Wednesday, November 13, 2013

After Delayed Start, Red King Crab Fishery Went Smoothly

All worries are history now after a delayed start for the bulk of the Bristol Bay red king crab fishery, with a lot more crab caught in a shorter period of time than in other years.

That was the report Nov. 11 from Jake Jacobsen of the Inter-Cooperative Exchange in Seattle, who said that 96 percent of the allowable harvest for individual fishing quota permit holders had been landed. Jacobsen said that of the 7,740,000 pound IFQ allocation only 336,682 pounds of the red king crab remained to be harvested.

“It’s going really fast,” Jacobsen said.

As for the weather, it’s not very good at this time of year, and there have been gale warnings, he said.
By this time a year ago, 95 percent of the quota was caught, but last year the fishery started on schedule on Oct. 15. This year harvesters under the community development quota program were able to begin harvesting on Oct. 15, but the IFQ holders were tied to the dock until Oct. 19, because of a partial federal government shutdown that delayed issuance of their permits.

This season’s total allowable catch, set by the Alaska Department of Fish and Game, is 7,853,000 pounds, including 7,067,700 pounds for IFQ holders and 785,300 pounds for community development quota harvesters.

Negotiations on final prices to harvesters haven’t even begun yet.

That’s usually done about Jan. 20, said Jacobsen. “In the old derby style fishery, we set a price and they went fishing, and now we set the price at the end,” he said. “We have a very complex arbitration system and a lot of rules and regulations we adhere to. It’s a whole new world from what it used to be.”
In the popular retail markets like the world famous Pike Place Fish Market on the Seattle waterfront and 10th and M Seafoods in Anchorage, orders were coming in steadily from Bristol Bay red king crab aficionados and other holiday shoppers.

Pike Place Fish Market (www.pikeplacefish.com) was posting $39.99 a pound for frozen Alaska king crab legs, plus $65 for shipping up to 12 pounds of those crab legs overnight, anywhere in the continental United States. Fresh crab, when available, was fetching $44.99 a pound.

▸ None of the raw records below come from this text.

(* Let $\mathcal P$ be a homogeneous Poisson point process on $[0,1]\times\mathbb R_+$ with intensity $\mathrm dt\,\mathrm dx$, and let $q:\mathbb N\to\mathbb R_+$ be nondecreasing with $q(1)<q(\infty):=\sup_r q(r)$. If there are constants $c>0$ and $0<\beta<1$ such that $q(r)<c\exp(r^\beta)$ for all $r\in\mathbb N$, then $V(\mathcal M)<\infty$.
   Context: Label the atoms of $\mathcal P$ as $(T_r,X_{1,r})$, $r=1,2,\dots$, with $X_{1,1}<X_{1,2}<\cdots$; the atom $(T_r,X_{1,r})$ has value $X_{1,r}$, arrival time $T_r$ and final rank $r$. For $t\in\{T_r\}$ let $X_t,R_t$ be the value and final rank of the atom arriving at time $t$, and $X_t=R_t=\infty$ otherwise. Let $\mathbf X_t$ be the increasing sequence of values of atoms arrived by time $t$. A stopping rule is a random variable $\tau$ with values in $\{T_r\}\cup\{1\}$ such that $\{\tau\le t\}\in\sigma(\mathbf X_s,s\le t)$ for all $t$; its risk is $\mathbb E[q(R_\tau)]=\sum_r q(r)\mathbb P(\tau=T_r)+q(\infty)\mathbb P(\tau=1)$. A memoryless rule is a stopping rule $\tau=\inf\{t:X_t\le f(t)\}$ ($\inf\varnothing=1$) with $f:[0,1[\,\to\mathbb R$ nondecreasing. $V(\mathcal M)$ is the infimum of the risk over all memoryless rules. *)

theory Defs
  imports "HOL-Probability.Probability"
begin

text \<open>Atoms of the point process are (T r, X r) for r \<ge> 1, labelled so that
  X 1 < X 2 < ... (r is the final rank). Number of atoms in a set A:\<close>
definition pp_count ::
  "(nat \<Rightarrow> 'a \<Rightarrow> real) \<Rightarrow> (nat \<Rightarrow> 'a \<Rightarrow> real) \<Rightarrow> (real \<times> real) set \<Rightarrow> 'a \<Rightarrow> nat" where
  "pp_count T X A \<omega> = card {r. 1 \<le> r \<and> (T r \<omega>, X r \<omega>) \<in> A}"

definition poisson_pp ::
  "'a measure \<Rightarrow> (nat \<Rightarrow> 'a \<Rightarrow> real) \<Rightarrow> (nat \<Rightarrow> 'a \<Rightarrow> real) \<Rightarrow> bool" where
  "poisson_pp M T X \<longleftrightarrow>
     prob_space M \<and>
     (\<forall>r\<ge>1. T r \<in> borel_measurable M \<and> X r \<in> borel_measurable M) \<and>
     (\<forall>\<omega>\<in>space M. \<forall>r\<ge>1. 0 \<le> T r \<omega> \<and> T r \<omega> \<le> 1 \<and> 0 \<le> X r \<omega> \<and> X r \<omega> < X (Suc r) \<omega>) \<and>
     (\<forall>A \<in> sets (lborel :: (real \<times> real) measure).
        A \<subseteq> {0..1} \<times> {0..} \<longrightarrow> emeasure lborel A < \<infinity> \<longrightarrow>
        (\<forall>k::nat. measure M {\<omega> \<in> space M. finite {r. 1 \<le> r \<and> (T r \<omega>, X r \<omega>) \<in> A}
                                      \<and> pp_count T X A \<omega> = k}
                 = exp (- measure lborel A) * measure lborel A ^ k / fact k)) \<and>
     (\<forall>(I::nat set) (A :: nat \<Rightarrow> (real \<times> real) set). finite I \<longrightarrow>
        (\<forall>i\<in>I. A i \<in> sets lborel \<and> A i \<subseteq> {0..1} \<times> {0..} \<and> emeasure lborel (A i) < \<infinity>) \<longrightarrow>
        disjoint_family_on A I \<longrightarrow>
        prob_space.indep_vars M (\<lambda>_. count_space UNIV) (\<lambda>i. pp_count T X (A i)) I)"

definition memoryless_tau ::
  "(real \<Rightarrow> real) \<Rightarrow> (nat \<Rightarrow> 'a \<Rightarrow> real) \<Rightarrow> (nat \<Rightarrow> 'a \<Rightarrow> real) \<Rightarrow> 'a \<Rightarrow> real" where
  "memoryless_tau f T X \<omega> =
     (let S = {T r \<omega> | r. 1 \<le> r \<and> T r \<omega> < 1 \<and> X r \<omega> \<le> f (T r \<omega>)}
      in if S = {} then 1 else Inf S)"
definition op_count :: "nat list \<Rightarrow> nat list \<Rightarrow> nat" where
  "op_count bl rho = card {Bs. is_ordered_partition (sum_list bl) Bs \<and>
       map card Bs = bl \<and> \<not> op_contains Bs rho}"

end

theory Submission
  imports Defs
begin

text \<open>
  Every rearrangement of the block sizes is a product of adjacent transpositions, so it suffices
  to swap the sizes of two adjacent blocks X and Y. Let E and T be the unions of the blocks before
  and after them, and sort the elements u of X \<union> Y into four classes according to whether some
  element of E lies below u and whether some element of T lies above u. Reversing the order inside
  each class is an involution s of X \<union> Y, and replacing X, Y by s(Y), s(X) swaps the two sizes.
  A 123 pattern either uses at most one of the two blocks, and then only depends on X \<union> Y, or it
  is a pair a < b from the first and second block together with an element of E below a or of T
  above b. Pulling such a pair back along s gives either a pair of the same kind for X, Y or an
  element of X \<union> Y lying above E and below T, which is a pattern by itself. So the involution
  preserves 123-avoidance and is a bijection between the two sets of avoiders.
\<close>

definition reverse_on :: "'a::linorder set \<Rightarrow> 'a \<Rightarrow> 'a" where
  "reverse_on K u =
     (let xs = sorted_list_of_set K in rev xs ! the_inv_into {..<length xs} ((!) xs) u)"

lemma reverse_on_nth_sorted_list_of_set:
  assumes "finite K" "i < card K"
  shows "reverse_on K (sorted_list_of_set K ! i) = sorted_list_of_set K ! (card K - 1 - i)"
proof -
  let ?xs = "sorted_list_of_set K"
  have "inj_on ((!) ?xs) {..<length ?xs}"
    by (simp add: inj_on_nth)
  then have "the_inv_into {..<length ?xs} ((!) ?xs) (?xs ! i) = i"
    using assms by (simp add: the_inv_into_f_f)
  then show ?thesis
    using assms by (simp add: reverse_on_def rev_nth)
qed

lemma obtain_nth_sorted_list_of_set:
  assumes "finite K" "u \<in> K"
  obtains i where "i < card K" "u = sorted_list_of_set K ! i"
  using assms by (metis in_set_conv_nth length_sorted_list_of_set set_sorted_list_of_set)

lemma reverse_on_mem:
  assumes "finite K" "u \<in> K"
  shows "reverse_on K u \<in> K"
proof -
  obtain i where "i < card K" "u = sorted_list_of_set K ! i"
    using assms by (rule obtain_nth_sorted_list_of_set)
  then show ?thesis
    using assms nth_mem[of "card K - 1 - i" "sorted_list_of_set K"]
    by (simp add: reverse_on_nth_sorted_list_of_set)
qed

lemma reverse_on_reverse_on:
  assumes "finite K" "u \<in> K"
  shows "reverse_on K (reverse_on K u) = u"
proof -
  obtain i where "i < card K" "u = sorted_list_of_set K ! i"
    using assms by (rule obtain_nth_sorted_list_of_set)
  then show ?thesis
    using assms by (simp add: reverse_on_nth_sorted_list_of_set)
qed

lemma reverse_on_strict_antimono:
  assumes "finite K" "u \<in> K" "v \<in> K" "u < v"
  shows "reverse_on K v < reverse_on K u"
proof -
  let ?xs = "sorted_list_of_set K"
  obtain i j where ij: "i < card K" "u = ?xs ! i" "j < card K" "v = ?xs ! j"
    using assms obtain_nth_sorted_list_of_set by metis
  have sorted: "sorted_wrt (<) ?xs"
    by simp
  have "i < j"
    using ij \<open>u < v\<close> sorted_nth_mono[of ?xs j i] by (metis leI leD length_sorted_list_of_set sorted_sorted_list_of_set)
  then have "?xs ! (card K - 1 - j) < ?xs ! (card K - 1 - i)"
    using ij by (intro sorted_wrt_nth_less[OF sorted]) auto
  then show ?thesis
    using ij assms by (simp add: reverse_on_nth_sorted_list_of_set)
qed

definition profile :: "'a::order set \<Rightarrow> 'a set \<Rightarrow> 'a \<Rightarrow> bool \<times> bool" where
  "profile E T u = ((\<exists>e\<in>E. e < u), (\<exists>e\<in>T. u < e))"

definition reflect :: "'a::linorder set \<Rightarrow> 'a set \<Rightarrow> 'a set \<Rightarrow> 'a \<Rightarrow> 'a" where
  "reflect E T U u = reverse_on {w \<in> U. profile E T w = profile E T u} u"

lemma
  assumes "finite U" "u \<in> U"
  shows reflect_mem: "reflect E T U u \<in> U"
    and profile_reflect: "profile E T (reflect E T U u) = profile E T u"
  using reverse_on_mem[of "{w \<in> U. profile E T w = profile E T u}" u] assms
  by (simp_all add: reflect_def)

lemma reflect_reflect:
  assumes "finite U" "u \<in> U"
  shows "reflect E T U (reflect E T U u) = u"
  using assms reverse_on_reverse_on[of "{w \<in> U. profile E T w = profile E T u}" u]
  by (simp add: reflect_def profile_reflect[unfolded reflect_def])

lemma bij_betw_reflect: "finite U \<Longrightarrow> bij_betw (reflect E T U) U U"
  by (rule bij_betw_byWitness[where f' = "reflect E T U"]) (auto simp: reflect_reflect reflect_mem)

lemma image_reflect: "finite U \<Longrightarrow> reflect E T U ` U = U"
  by (rule bij_betw_imp_surj_on[OF bij_betw_reflect])

lemma reflect_image_reflect_image:
  assumes "finite U" "Z \<subseteq> U"
  shows "reflect E T U ` reflect E T U ` Z = Z"
proof -
  have "reflect E T U (reflect E T U z) = z" if "z \<in> Z" for z
    using that assms by (simp add: reflect_reflect subset_iff)
  then show ?thesis
    unfolding image_image by simp
qed

lemma reflect_less_reflect_iff:
  assumes "finite U" "u \<in> U" "v \<in> U" "profile E T u = profile E T v"
  shows "reflect E T U v < reflect E T U u \<longleftrightarrow> u < v"
proof -
  let ?K = "{w \<in> U. profile E T w = profile E T u}"
  have "reflect E T U u = reverse_on ?K u" "reflect E T U v = reverse_on ?K v"
    using assms(4) by (simp_all add: reflect_def)
  moreover have "finite ?K" "u \<in> ?K" "v \<in> ?K"
    using assms by auto
  ultimately show ?thesis
    using reverse_on_strict_antimono[of ?K u v] reverse_on_strict_antimono[of ?K v u]
    by (cases u v rule: linorder_cases) auto
qed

A fishmonger answering the phone in Seattle for online orders said he taken 20 shipping orders that day by mid-afternoon, and he was one of 10 employees taking orders from online customers. Meanwhile, customers in line at the marketplace ranged from one woman purchasing a pound for her evening meal to another customer planning a crab dinner for a dozen guests, he said.